#### Exercise objective:
Exact duplicates of all entries are needed.
::: Records :::
lemma P1_diff: "P1 a - P1 b = (a - b) * (1 + a + b) / 2"
  by (simp add: P1_def field_simps)

lemma P1_contracts: "cmod z \<le> 1/3 \<Longrightarrow> cmod (P1 z) \<le> 2/3 * cmod z"
proof -
  assume "cmod z \<le> 1/3"
  then have "cmod (1 + z) \<le> 4/3"
    using norm_triangle_ineq[of 1 z] by simp
  then have "cmod z * cmod (1 + z) \<le> cmod z * (4/3)"
    by (rule mult_left_mono) simp
  then show ?thesis
    by (simp add: norm_P1)
qed

lemma P1_iter_norm_le: "cmod z \<le> 1/3 \<Longrightarrow> cmod ((P1 ^^ k) z) \<le> 1/3 * (2/3) ^ k"
proof (induction k)
  case 0
  then show ?case by simp
next
  case (Suc k)
  have "(2/3 :: real) ^ k \<le> 1"
    by (simp add: power_le_one)
  with Suc have "cmod ((P1 ^^ k) z) \<le> 1/3"
    by linarith
  then have "cmod ((P1 ^^ Suc k) z) \<le> 2/3 * cmod ((P1 ^^ k) z)"
    using P1_contracts by simp
  also have "\<dots> \<le> 2/3 * (1/3 * (2/3) ^ k)"
    using Suc by simp
  finally show ?case by simp
qed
:::
#### Answer area:
lemma P1_diff: "P1 a - P1 b = (a - b) * (1 + a + b) / 2"
  by (simp add: P1_def field_simps)

lemma P1_contracts: "cmod z \<le> 1/3 \<Longrightarrow> cmod (P1 z) \<le> 2/3 * cmod z"
proof -
  assume "cmod z \<le> 1/3"
  then have "cmod (1 + z) \<le> 4/3"
    using norm_triangle_ineq[of 1 z] by simp
  then have "cmod z * cmod (1 + z) \<le> cmod z * (4/3)"
    by (rule mult_left_mono) simp
  then show ?thesis
    by (simp add: norm_P1)
qed

lemma P1_iter_norm_le: "cmod z \<le> 1/3 \<Longrightarrow> cmod ((P1 ^^ k) z) \<le> 1/3 * (2/3) ^ k"
proof (induction k)
  case 0
  then show ?case by simp
next
  case (Suc k)
  have "(2/3 :: real) ^ k \<le> 1"
    by (simp add: power_le_one)
  with Suc have "cmod ((P1 ^^ k) z) \<le> 1/3"
    by linarith
  then have "cmod ((P1 ^^ Suc k) z) \<le> 2/3 * cmod ((P1 ^^ k) z)"
    using P1_contracts by simp
  also have "\<dots> \<le> 2/3 * (1/3 * (2/3) ^ k)"
    using Suc by simp
  finally show ?case by simp
qed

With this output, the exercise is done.